It was interesting to review Dr Robin Vines (December InPsych, 2017, p. 33) article about the need to “end Australia’s regional health workforce drought” when a few days before I read it, ABC and SBS TV news reported the “Royal Flying Doctor Service (RFDS) warns rural mental health services in ‘crisis’ ”.
This was also a few days after I’d driven to a non-metropolitan centre to provide telehealth consultations, and not for the first time, I had no telehealth consultation booked.
The situation is not helped by (at least) three “barriers”:
a) The obscenely low Medicare rebates;
b) The rebate being the same if I consult in my metropolitan office or a hired room in a country town, which I’ve spent (non-income generating) time driving to;
c) One of the major employers of doctors in the region advising me “…we provide medical and allied health services where we either don’t charge or charges are well below industry averages, and we maintain this consistency with services provided through third parties onsite.” (I’d enquired about sessional rental of a room in their premises).

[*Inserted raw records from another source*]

(* In an $m$-player layered finite-horizon Markov game, let $\pi^j_t,\pi^j_{t+1}$ ($j\in[m]$) be arbitrary policies of the players in episodes $t$ and $t+1$. Then for any player $i\in[m]$ and any policy $\mu$ of player $i$, $$\big\|q^\mu_{P^i_{t+1}}-q^\mu_{P^i_t}\big\|_\infty\le H^2\sum_{j\ne i}\|\pi^j_{t+1}-\pi^j_t\|_{\infty,1}.$$
   Context: Markov game: horizon $H$; states $\mathcal S=\bigcup_{h=1}^{H+1}\mathcal S_h$ with $\mathcal S_1=\{s_1\}$; players $i\in[m]$ with finite action sets $\mathcal A_i$; for $s\in\mathcal S_h$ and joint action $\mathbf a$, $P(\cdot\mid s,\mathbf a)$ is a distribution over $\mathcal S_{h+1}$. Policies assign $\pi^j(\cdot\mid s)\in\Delta_{\mathcal A_j}$, players act independently. The induced transition kernel of player $i$ in episode $t$ is $P^i_t(\cdot\mid s,a)=\mathbb E_{\mathbf a\sim\boldsymbol\pi_t(\cdot\mid s)}[P(\cdot\mid s,\mathbf a)\mid a^i=a]$, where $\boldsymbol\pi_t(\cdot\mid s)$ is the product of the $\pi^j_t(\cdot\mid s)$. For a single-agent kernel $P'$ and policy $\mu$, $q^\mu_{P'}(s)=\Pr(s_h=s\mid P',\mu,s_1)$ for $s\in\mathcal S_h$, viewed as a vector indexed by $\mathcal S$. $\|\pi-\tilde\pi\|_{\infty,1}=\max_s\|\pi(\cdot\mid s)-\tilde\pi(\cdot\mid s)\|_1$. *)

theory Defs
  imports "HOL-Library.FuncSet" Complex_Main
begin

(* Players are indexed by 0..<m. A joint action is an element of PiE {..<m} A,
   where A j is the (finite) action set of player j. All actions live in one type 'a. *)

definition joint_actions :: "nat \<Rightarrow> (nat \<Rightarrow> 'a set) \<Rightarrow> (nat \<Rightarrow> 'a) set" where
  "joint_actions m A = PiE {..<m} A"

definition layered_markov_game ::
  "nat \<Rightarrow> 's set \<Rightarrow> ('s \<Rightarrow> nat) \<Rightarrow> 's \<Rightarrow> nat \<Rightarrow> (nat \<Rightarrow> 'a set)
   \<Rightarrow> ('s \<Rightarrow> (nat \<Rightarrow> 'a) \<Rightarrow> 's \<Rightarrow> real) \<Rightarrow> bool" where
  "layered_markov_game H S layer s1 m A P \<longleftrightarrow>
     finite S \<and> s1 \<in> S \<and>
     (\<forall>s\<in>S. 1 \<le> layer s \<and> layer s \<le> Suc H) \<and>
     {s\<in>S. layer s = 1} = {s1} \<and>
     (\<forall>j<m. finite (A j) \<and> A j \<noteq> {}) \<and>
     (\<forall>s\<in>S. layer s \<le> H \<longrightarrow> (\<forall>b\<in>joint_actions m A.
        (\<forall>s'. 0 \<le> P s b s') \<and>
        (\<forall>s'. P s b s' \<noteq> 0 \<longrightarrow> s' \<in> S \<and> layer s' = Suc (layer s)) \<and>
        (\<Sum>s'\<in>S. P s b s') = 1))"

definition is_policy :: "'s set \<Rightarrow> 'a set \<Rightarrow> ('s \<Rightarrow> 'a \<Rightarrow> real) \<Rightarrow> bool" where
  "is_policy S Aj pol \<longleftrightarrow> (\<forall>s\<in>S. (\<forall>a\<in>Aj. 0 \<le> pol s a) \<and> (\<Sum>a\<in>Aj. pol s a) = 1)"

(* Induced kernel of player i:
   P^i(s'|s,a) = E_{b ~ prod_j pol j (.|s)} [ P(s'|s,b) | b i = a ]
              = sum over joint actions b with b i = a of (prod_{j\<noteq>i} pol j s (b j)) * P s b s'
   (the players act independently). *)
definition induced_kernel ::
  "nat \<Rightarrow> (nat \<Rightarrow> 'a set) \<Rightarrow> ('s \<Rightarrow> (nat \<Rightarrow> 'a) \<Rightarrow> 's \<Rightarrow> real)
   \<Rightarrow> (nat \<Rightarrow> 's \<Rightarrow> 'a \<Rightarrow> real) \<Rightarrow> nat \<Rightarrow> 's \<Rightarrow> 'a \<Rightarrow> 's \<Rightarrow> real" where
  "induced_kernel m A P pol i s a s' =
     (\<Sum>b\<in>{b\<in>joint_actions m A. b i = a}. (\<Prod>j\<in>{..<m}-{i}. pol j s (b j)) * P s b s')"

(* occ ... h s = Pr(s_{h+1} = s | P', mu, s1)  (layers are 1-based, h is 0-based) *)
fun occ :: "'s set \<Rightarrow> ('s \<Rightarrow> nat) \<Rightarrow> 's \<Rightarrow> 'a set \<Rightarrow> ('s \<Rightarrow> 'a \<Rightarrow> 's \<Rightarrow> real)
            \<Rightarrow> ('s \<Rightarrow> 'a \<Rightarrow> real) \<Rightarrow> nat \<Rightarrow> 's \<Rightarrow> real" where
  "occ S layer s1 Ai Pk mu 0 s = (if s = s1 then 1 else 0)"
| "occ S layer s1 Ai Pk mu (Suc h) s' =
     (\<Sum>s\<in>{s\<in>S. layer s = Suc h}. \<Sum>a\<in>Ai. occ S layer s1 Ai Pk mu h s * mu s a * Pk s a s')"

So, while that not for profit (presumably) gets a massive subsidy to provide services in the country, (which allows them to bulk bill clients) a private practitioner seeking to “…increase ease of access to psychological services for a currently underserviced section of the Australian Community” (to quote Dr Vines) gets no subsidy. For example, a higher Medicare rebate for non-metropolitan consultations.
Despite spending considerable amounts of time, money and energy contacting doctors and potential clients (including via targeted advertising on Facebook) I have yet to receive a single telehealth referral.
Considering Dr Vines “workforce drought” and the “crisis” reported by the RFDS I think the situation is not helped when GPs don’t actually make use of the available services.